世界初! X帯で効率50%を超える100W級 高出力増幅器を開発

~ C帯においても世界最高出力343Wを実現 ~

株式会社富士通研究所(注1)(以下、富士通研究所)は、窒化ガリウム(GaN)(注2)高電子移動度トランジスタ(HEMT)(注3)を用い、X帯(注4)において世界最高の効率(注5)53%と出力101ワット(以下、W)を実現した増幅器を開発しました。これにより、従来のガリウムヒ素(GaAs)HEMTを用いたX帯向け増幅器に比べ、省電力化および電波の到達距離が2倍に伸びることが期待されます。

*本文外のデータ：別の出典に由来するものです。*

lemma lie_star_proj_lower_corner:
  assumes y: "y \<in> peirce mul (one - f) f"
    and eq: "lie_star mul star t f = lie_star mul star y f"
  shows "mul (one - f) (mul t f) = y" and "star (mul f (mul t f)) = mul f (mul t f)"
proof -
  have "mul (one - f) (lie_star mul star t f) = mul (one - f) (lie_star mul star y f)"
    using eq by simp
  then show lower: "mul (one - f) (mul t f) = y"
    by (simp add: lie_star_def compl_mul mul_diff_right proj_mul_proj
        peirce21_proj_left[OF y] peirce21_proj_right[OF y] peirce21_proj_star[OF y])
  have "mul (star y) f = 0"
    using star_mul[of f y] by (simp add: peirce21_proj_left[OF y] star_proj)
  then have "mul (lie_star mul star t f) f = y"
    using eq by (simp add: lie_star_def mul_diff_left mul_proj_proj peirce21_proj_right[OF y]
        peirce21_proj_star[OF y])
  then have "mul t f - mul (mul f (star t)) f = mul t f - mul f (mul t f)"
    using lower by (simp add: lie_star_def mul_diff_left mul_proj_proj mul_one_left)
  then have "mul f (mul t f) = mul (mul f (star t)) f"
    by simp
  moreover have "star (mul f (mul t f)) = mul (mul f (star t)) f"
    by (simp add: star_mul star_proj)
  ultimately show "star (mul f (mul t f)) = mul f (mul t f)"
    by simp
qed

lemma lie_star_imag_proj: "lie_star mul star (smul \<i> f) t = smul \<i> (mul f t + mul t f)"
  by (simp add: lie_star_def star_smul star_proj mul_smul_left mul_smul_right
      smul_minus_left mul_minus_right smul_add_right)

lemma proj_corner_jordan:
  "mul f (mul (smul c (mul f t + mul t f)) f) = smul (2 * c) (mul f (mul t f))"
  using smul_add_left[of c c "mul f (mul t f)"]
  by (simp add: mul_smul_left mul_smul_right mul_add_left mul_add_right flexible
      proj_mul_proj mul_proj_proj smul_add_right)

lemma jordan_preserver_corners:
  fixes \<Phi> :: "'a \<Rightarrow> 'b::ab_group_add"
  assumes B: "alt_star_algebra smulB mulB starB"
    and pres: "preserves_product \<Phi> (jordan_star mul star) (jordan_star mulB starB)"
    and "inj \<Phi>" "\<Phi> 0 = 0"
    and x: "x \<in> peirce mul f (one - f)" and y: "y \<in> peirce mul (one - f) f"
    and T: "\<Phi> t = \<Phi> x + \<Phi> y"
  shows "mul (one - f) (mul t f) = y \<and> mul f (mul t f) = 0"
proof -
  interpret B: alt_star_algebra smulB mulB starB by (fact B)
  have "\<Phi> (jordan_star mul star t f) = \<Phi> (jordan_star mul star x f) + \<Phi> (jordan_star mul star y f)"
    by (rule preserves_product_sum_left[OF pres B.jordan_star_add_left T])
  moreover have "jordan_star mul star x f = 0"
    by (simp add: jordan_star_def peirce12_proj_right[OF x] peirce12_proj_star[OF x])
  ultimately have "jordan_star mul star t f = jordan_star mul star y f"
    using \<open>inj \<Phi>\<close> \<open>\<Phi> 0 = 0\<close> by (simp add: inj_eq)
  then have lower: "mul (one - f) (mul t f) = y"
    by (rule jordan_star_proj_lower_corner[OF y])
  have "\<Phi> (jordan_star mul star f t) = \<Phi> (jordan_star mul star f x) + \<Phi> (jordan_star mul star f y)"
    by (rule preserves_product_sum_right[OF pres B.jordan_star_add_right T])
  moreover have "jordan_star mul star f x = x" "jordan_star mul star f y = y"
    by (simp_all add: jordan_star_def star_proj peirce12_proj_left[OF x] peirce12_proj_right[OF x]
        peirce21_proj_left[OF y] peirce21_proj_right[OF y])
  ultimately have "jordan_star mul star f t = t"
    using T \<open>inj \<Phi>\<close> by (metis injD)
  then show ?thesis
    using lower jordan_star_proj_fixed by blast
qed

また、今回開発した技術をC帯(注6)向け増幅器に適用することで世界最高出力343Wを実現しました。これは、昨年、富士通研究所が実現した世界最高出力320Wを更新するもので、従来のガリウムヒ素HEMTを用いた増幅器に比べ、電波の到達距離が2.6倍に伸びることが期待されます。

本技術を用いることにより高出力用途で用いられている進行波管増幅器(注7)の置き換えがいっそう進むと期待され、レーダー、衛星通信や次世代携帯電話基地局のワイヤレス通信機器などに用いる送信システムの小型・軽量化や高機能化、また省電力化、長寿命化が可能となります。

なお、本技術の詳細は、6月7日~12日、米国ボストンで開催されているマイクロ波の国際学会「2009 IEEE MTT-S International Microwave Symposium(IMS2009)」にて発表しました。

背景

マイクロ波帯は、30MHz以上30GHz以下の周波数帯で、衛星通信や気象レーダーなどに適用されています。マイクロ波帯の送信機には、従来、高出力の進行波管増幅器やガリウムヒ素HEMT固体素子増幅器(注8)が用いられてきました。しかし、進行波管増幅器は固体素子増幅器に比べ寿命が短く、高圧電源が必要なため重量やサイズが大きくなってしまう問題があり、一方、ガリウムヒ素HEMTを用いた固体素子増幅器はトランジスタの単一素子あたりの出力が小さいという問題がありました。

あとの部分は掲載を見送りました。